### [ABOUT THIS EXERCISE]
Repeat all entries below exactly as shown.

### [INPUT RECORDS]
(* Let $\tilde L$ be a minimum-size counterexample. For every meet-irreducible element $m$ of $\tilde L$ there exists a join-irreducible element $j$ of $\tilde L$ such that $j\le m$ and $|{\uparrow}j|=\frac{|\tilde L|+1}{2}$.
   Context: For a poset $P$, $x$ upper covers $y$ (and $y$ lower covers $x$) if $y<x$ with nothing strictly between. Join-irreducible: upper covers exactly one element; meet-irreducible: lower covers exactly one element. For $x\in P$, ${\uparrow}x=\{y\in P: x\le y\}$. A counterexample is a finite lattice $L$ with $|L|>1$ in which every join-irreducible $j$ satisfies $|{\uparrow}j|>|L|/2$; a minimum-size counterexample is a counterexample $\tilde L$ such that no counterexample has fewer elements. *)

theory Defs
  imports Complex_Main "HOL-Algebra.Lattice"
begin

text \<open>Finite lattices are represented by HOL-Algebra's gorder records satisfying
  the locale predicate lattice (where the equivalence is equality).\<close>

definition upper_covers :: "'a gorder \<Rightarrow> 'a \<Rightarrow> 'a \<Rightarrow> bool" where
  "upper_covers L x y \<longleftrightarrow> x \<in> carrier L \<and> y \<in> carrier L \<and> y \<sqsubset>\<^bsub>L\<^esub> x \<and>
     \<not> (\<exists>z \<in> carrier L. y \<sqsubset>\<^bsub>L\<^esub> z \<and> z \<sqsubset>\<^bsub>L\<^esub> x)"

definition join_irreducible :: "'a gorder \<Rightarrow> 'a \<Rightarrow> bool" where
  "join_irreducible L j \<longleftrightarrow> j \<in> carrier L \<and> card {y \<in> carrier L. upper_covers L j y} = 1"

definition meet_irreducible :: "'a gorder \<Rightarrow> 'a \<Rightarrow> bool" where
  "meet_irreducible L m \<longleftrightarrow> m \<in> carrier L \<and> card {y \<in> carrier L. upper_covers L y m} = 1"

definition up_set :: "'a gorder \<Rightarrow> 'a \<Rightarrow> 'a set" where
  "up_set L x = {y \<in> carrier L. x \<sqsubseteq>\<^bsub>L\<^esub> y}"

definition counterexample :: "'a gorder \<Rightarrow> bool" where
  "counterexample L \<longleftrightarrow> lattice L \<and> finite (carrier L) \<and> card (carrier L) > 1 \<and>
     (\<forall>j. join_irreducible L j \<longrightarrow> real (card (up_set L j)) > real (card (carrier L)) / 2)"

### [ANSWER BOX]
(* Let $\tilde L$ be a minimum-size counterexample. For every meet-irreducible element $m$ of $\tilde L$ there exists a join-irreducible element $j$ of $\tilde L$ such that $j\le m$ and $|{\uparrow}j|=\frac{|\tilde L|+1}{2}$.
   Context: For a poset $P$, $x$ upper covers $y$ (and $y$ lower covers $x$) if $y<x$ with nothing strictly between. Join-irreducible: upper covers exactly one element; meet-irreducible: lower covers exactly one element. For $x\in P$, ${\uparrow}x=\{y\in P: x\le y\}$. A counterexample is a finite lattice $L$ with $|L|>1$ in which every join-irreducible $j$ satisfies $|{\uparrow}j|>|L|/2$; a minimum-size counterexample is a counterexample $\tilde L$ such that no counterexample has fewer elements. *)

theory Defs
  imports Complex_Main "HOL-Algebra.Lattice"
begin

text \<open>Finite lattices are represented by HOL-Algebra's gorder records satisfying
  the locale predicate lattice (where the equivalence is equality).\<close>

definition upper_covers :: "'a gorder \<Rightarrow> 'a \<Rightarrow> 'a \<Rightarrow> bool" where
  "upper_covers L x y \<longleftrightarrow> x \<in> carrier L \<and> y \<in> carrier L \<and> y \<sqsubset>\<^bsub>L\<^esub> x \<and>
     \<not> (\<exists>z \<in> carrier L. y \<sqsubset>\<^bsub>L\<^esub> z \<and> z \<sqsubset>\<^bsub>L\<^esub> x)"

definition join_irreducible :: "'a gorder \<Rightarrow> 'a \<Rightarrow> bool" where
  "join_irreducible L j \<longleftrightarrow> j \<in> carrier L \<and> card {y \<in> carrier L. upper_covers L j y} = 1"

definition meet_irreducible :: "'a gorder \<Rightarrow> 'a \<Rightarrow> bool" where
  "meet_irreducible L m \<longleftrightarrow> m \<in> carrier L \<and> card {y \<in> carrier L. upper_covers L y m} = 1"

definition up_set :: "'a gorder \<Rightarrow> 'a \<Rightarrow> 'a set" where
  "up_set L x = {y \<in> carrier L. x \<sqsubseteq>\<^bsub>L\<^esub> y}"

definition counterexample :: "'a gorder \<Rightarrow> bool" where
  "counterexample L \<longleftrightarrow> lattice L \<and> finite (carrier L) \<and> card (carrier L) > 1 \<and>
     (\<forall>j. join_irreducible L j \<longrightarrow> real (card (up_set L j)) > real (card (carrier L)) / 2)"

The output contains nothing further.